Canadian health officials -- including the nation's health minister -- dropped in on the conference during the week to assure nuclear medicine physicians that they're doing everything they can to resolve the crisis, which involves a nuclear reactor operated by the Canadian government at Chalk River, Ontario, that's been shut down for repairs.

The SNM also organized a consortium of healthcare practitioners and researchers to advocate for a long-term solution to the Mo-99 supply issue, a move that included the appointment of past SNM President Dr. Alexander McEwan as a special advisor to the Canadian government.

Moly crisis update

The fast-moving moly crisis has been producing a new story every day during SNM week. The drama was even heightened by a vote of no confidence in the Canadian government expected to take place later in the week.

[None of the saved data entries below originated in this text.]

(* Let $G$ be a group. For every positive integer $n$, $\bar\lambda_n(G) = N_{n,1}(G)$.
   Context: $\gamma_1(G) = G$, $\gamma_{j+1}(G) = [\gamma_j(G), G]$. For a subgroup $H$ and integer $m$, $H^m$ is the subgroup generated by all $m$-th powers. The $\bar\lambda$-series is $\bar\lambda_1(G) = G$, $\bar\lambda_{n+1}(G) = \bar\lambda_n(G)^4[\bar\lambda_n(G), G]$. For $1 \le k \le n$, $N_{n,k}(G) = \gamma_k(G)^{4^{n-k}}\gamma_{k+1}(G)^{4^{n-k-1}} \cdots \gamma_n(G)$; in particular $N_{n,1}(G) = G^{4^{n-1}}\gamma_2(G)^{4^{n-2}}\cdots\gamma_n(G)$. *)

theory Defs
  imports "HOL-Algebra.Algebra"
begin

definition comm_sgp :: "('a, 'b) monoid_scheme \<Rightarrow> 'a set \<Rightarrow> 'a set \<Rightarrow> 'a set" where
  "comm_sgp G H K = generate G
     {inv\<^bsub>G\<^esub> h \<otimes>\<^bsub>G\<^esub> inv\<^bsub>G\<^esub> k \<otimes>\<^bsub>G\<^esub> h \<otimes>\<^bsub>G\<^esub> k | h k. h \<in> H \<and> k \<in> K}"

definition pow_sgp :: "('a, 'b) monoid_scheme \<Rightarrow> 'a set \<Rightarrow> nat \<Rightarrow> 'a set" where
  "pow_sgp G H m = generate G {h [^]\<^bsub>G\<^esub> m | h. h \<in> H}"

text \<open>Product HK of subgroups (the subgroup generated by H and K; equal to the
  set product when the factors are normal).\<close>
definition prod_sgp :: "('a, 'b) monoid_scheme \<Rightarrow> 'a set \<Rightarrow> 'a set \<Rightarrow> 'a set" where
  "prod_sgp G H K = generate G (H \<union> K)"

text \<open>Lower central series, shifted: lcs G j = gamma_(j+1)(G).\<close>
primrec lcs :: "('a, 'b) monoid_scheme \<Rightarrow> nat \<Rightarrow> 'a set" where
  "lcs G 0 = carrier G"
| "lcs G (Suc j) = comm_sgp G (lcs G j) (carrier G)"

definition gamma :: "('a, 'b) monoid_scheme \<Rightarrow> nat \<Rightarrow> 'a set" where
  "gamma G j = lcs G (j - 1)"

text \<open>lambda-bar series, shifted: lbs G j = lambda-bar_(j+1)(G).\<close>
primrec lbs :: "('a, 'b) monoid_scheme \<Rightarrow> nat \<Rightarrow> 'a set" where
  "lbs G 0 = carrier G"
| "lbs G (Suc j) = prod_sgp G (pow_sgp G (lbs G j) 4) (comm_sgp G (lbs G j) (carrier G))"

definition lambda_bar :: "('a, 'b) monoid_scheme \<Rightarrow> nat \<Rightarrow> 'a set" where
  "lambda_bar G n = lbs G (n - 1)"

text \<open>N_{n,k}(G) = gamma_k^{4^(n-k)} gamma_(k+1)^{4^(n-k-1)} ... gamma_n.\<close>
definition N_sgp :: "('a, 'b) monoid_scheme \<Rightarrow> nat \<Rightarrow> nat \<Rightarrow> 'a set" where
  "N_sgp G n k = generate G (\<Union>i\<in>{k..n}. pow_sgp G (gamma G i) (4 ^ (n - i)))"

end

theory Submission
  imports Defs
begin

text \<open>Give \<gamma>_k(G) the weight 2k and let V(a) be the subgroup generated by the powers
  x^(2^(a-2k)) with x \<in> \<gamma>_k(G). Then N_{n,1}(G) = V(2n), and lambda-bar_n(G) = V(2n) follows by
  induction on n from [V(a), G] \<subseteq> V(a+2) and V(a)^2 \<subseteq> V(a+1). These two inclusions are
  proved together modulo V(t), by descending induction on the smallest k whose generators
  are kept. Squares of products are handled by (yz)^2 = y^2 z^2 [z,y]^z. For a generator,
  [x^(2^s), g] = x^(-2^s) (x[x,g])^(2^s), and the right-hand side is reduced by repeated
  squaring to commutators with [x,g] \<in> \<gamma>_(k+1)(G), which is where the induction hypothesis
  enters.\<close>

context group begin

subsection \<open>Commutator identities\<close>

definition commutator :: "'a \<Rightarrow> 'a \<Rightarrow> 'a" where
  "commutator x y = inv x \<otimes> inv y \<otimes> x \<otimes> y"

lemma commutator_closed [simp]:
  "x \<in> carrier G \<Longrightarrow> y \<in> carrier G \<Longrightarrow> commutator x y \<in> carrier G"
  unfolding commutator_def by simp

lemma mult_inv_mult_cancel [simp]:
  "g \<in> carrier G \<Longrightarrow> x \<in> carrier G \<Longrightarrow> g \<otimes> (inv g \<otimes> x) = x"
  "g \<in> carrier G \<Longrightarrow> x \<in> carrier G \<Longrightarrow> inv g \<otimes> (g \<otimes> x) = x"
  by (simp_all add: m_assoc[symmetric])

lemma nat_pow_two: "x \<in> carrier G \<Longrightarrow> x [^] (2::nat) = x \<otimes> x"
  by (simp add: numeral_2_eq_2)

lemma nat_pow_two_pow_Suc:
  "x \<in> carrier G \<Longrightarrow> x [^] ((2::nat) ^ Suc s) = x [^] ((2::nat) ^ s) \<otimes> x [^] ((2::nat) ^ s)"
  by (simp add: mult_2 nat_pow_mult)

lemma nat_pow_two_pow_le:
  "p \<le> q \<Longrightarrow> x \<in> carrier G \<Longrightarrow> x [^] ((2::nat) ^ q) = (x [^] ((2::nat) ^ p)) [^] ((2::nat) ^ (q - p))"
  by (simp add: nat_pow_pow power_add[symmetric])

Though it's highly unlikely that the moly crisis is having any influence on the vote, Canadian Prime Minister Stephen Harper didn't win any friends in nuclear medicine when he said on May 28 that it was his intention to get the Canadian government out of the business of isotope production by 2016. Many nuclear medicine advocates were also smarting from the Canadian government's decision in 2008 to halt the completion of the Maple reactors, which were supposed to replace the aging National Research Universal (NRU) reactor currently causing problems at Chalk River.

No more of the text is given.